# ABOUT THIS TASK
If a line in the entries below includes "then", pick it out and copy it.

Saved data entries
lemma loc_induced_surjD:
  assumes "multiplicative_subset A S" "multiplicative_subset B T"
    and "f \<in> carrier A \<rightarrow> carrier B" "f ` S \<subseteq> T"
    and "loc_induced f B T ` carrier (loc A S) = carrier (loc B T)" "y \<in> carrier B"
  obtains a s t where "a \<in> carrier A" "s \<in> S" "t \<in> T" "t \<otimes>\<^bsub>B\<^esub> (y \<otimes>\<^bsub>B\<^esub> f s) = t \<otimes>\<^bsub>B\<^esub> f a"
proof -
  interpret SA: multiplicative_subset A S by fact
  interpret TB: multiplicative_subset B T by fact
  have "TB.frac y \<one>\<^bsub>B\<^esub> \<in> carrier (loc B T)"
    using assms(6) TB.one_in_S by (rule TB.frac_in_carrier)
  then obtain U where U: "U \<in> carrier (loc A S)" "TB.frac y \<one>\<^bsub>B\<^esub> = loc_induced f B T U"
    using assms(5) by (metis imageE)
  obtain a s where as: "loc_rep U = (a, s)" "a \<in> carrier A" "s \<in> S"
    using SA.loc_rep[OF U(1)] by metis
  have fas: "f a \<in> carrier B" "f s \<in> T" using as assms(3,4) by auto
  have "TB.frac y \<one>\<^bsub>B\<^esub> = TB.frac (f a) (f s)"
    using U(2) as(1) unfolding loc_induced_def by simp
  then obtain t where "t \<in> T" "t \<otimes>\<^bsub>B\<^esub> (y \<otimes>\<^bsub>B\<^esub> f s) = t \<otimes>\<^bsub>B\<^esub> (f a \<otimes>\<^bsub>B\<^esub> \<one>\<^bsub>B\<^esub>)"
    using TB.frac_eq_iff[OF assms(6) TB.one_in_S fas(1,2)] by blast
  then show ?thesis using that as(2,3) fas(1) by simp
qed

section \<open>Transferring the valuation property\<close>

lemma (in ring_hom_ring) loc_vanishes_image:
  assumes "h ` T \<subseteq> T'" "T \<subseteq> carrier R" "x \<in> carrier R" "loc_vanishes R T x"
  shows "loc_vanishes S T' (h x)"
proof -
  obtain u where u: "u \<in> T" "u \<otimes>\<^bsub>R\<^esub> x = \<zero>\<^bsub>R\<^esub>"
    using assms(4) unfolding loc_vanishes_def by blast
  have "h u \<otimes>\<^bsub>S\<^esub> h x = h (u \<otimes>\<^bsub>R\<^esub> x)"
    using assms(2,3) u(1) by (intro hom_mult[symmetric]) auto
  also have "\<dots> = \<zero>\<^bsub>S\<^esub>" using u(2) by simp
  finally have "h u \<otimes>\<^bsub>S\<^esub> h x = \<zero>\<^bsub>S\<^esub>" .
  moreover have "h u \<in> T'" using u(1) assms(1) by blast
  ultimately show ?thesis
    unfolding loc_vanishes_def by blast
qed

lemma (in ring_hom_ring) loc_divides_image:
  assumes "h ` T \<subseteq> T'" "T \<subseteq> carrier R" "x \<in> carrier R" "y \<in> carrier R" "loc_divides R T x y"
  shows "loc_divides S T' (h x) (h y)"
proof -
  obtain c u where cu: "c \<in> carrier R" "u \<in> T" "u \<otimes>\<^bsub>R\<^esub> y = x \<otimes>\<^bsub>R\<^esub> c"
    using assms(5) unfolding loc_divides_def by blast
  have u: "u \<in> carrier R" using cu(2) assms(2) by blast
  have "h u \<otimes>\<^bsub>S\<^esub> h y = h (u \<otimes>\<^bsub>R\<^esub> y)" using u assms(4) by (rule hom_mult[symmetric])
  also have "\<dots> = h (x \<otimes>\<^bsub>R\<^esub> c)" using cu(3) by (rule arg_cong)
  also have "\<dots> = h x \<otimes>\<^bsub>S\<^esub> h c" using assms(3) cu(1) by (rule hom_mult)
  finally have "h u \<otimes>\<^bsub>S\<^esub> h y = h x \<otimes>\<^bsub>S\<^esub> h c" .
  moreover have "h c \<in> carrier S" "h u \<in> T'" using cu(1,2) assms(1) by auto
  ultimately show ?thesis
    unfolding loc_divides_def by blast
qed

# OUTPUT
  then obtain U where U: "U \<in> carrier (loc A S)" "TB.frac y \<one>\<^bsub>B\<^esub> = loc_induced f B T U"
  then obtain t where "t \<in> T" "t \<otimes>\<^bsub>B\<^esub> (y \<otimes>\<^bsub>B\<^esub> f s) = t \<otimes>\<^bsub>B\<^esub> (f a \<otimes>\<^bsub>B\<^esub> \<one>\<^bsub>B\<^esub>)"
  then show ?thesis using that as(2,3) fas(1) by simp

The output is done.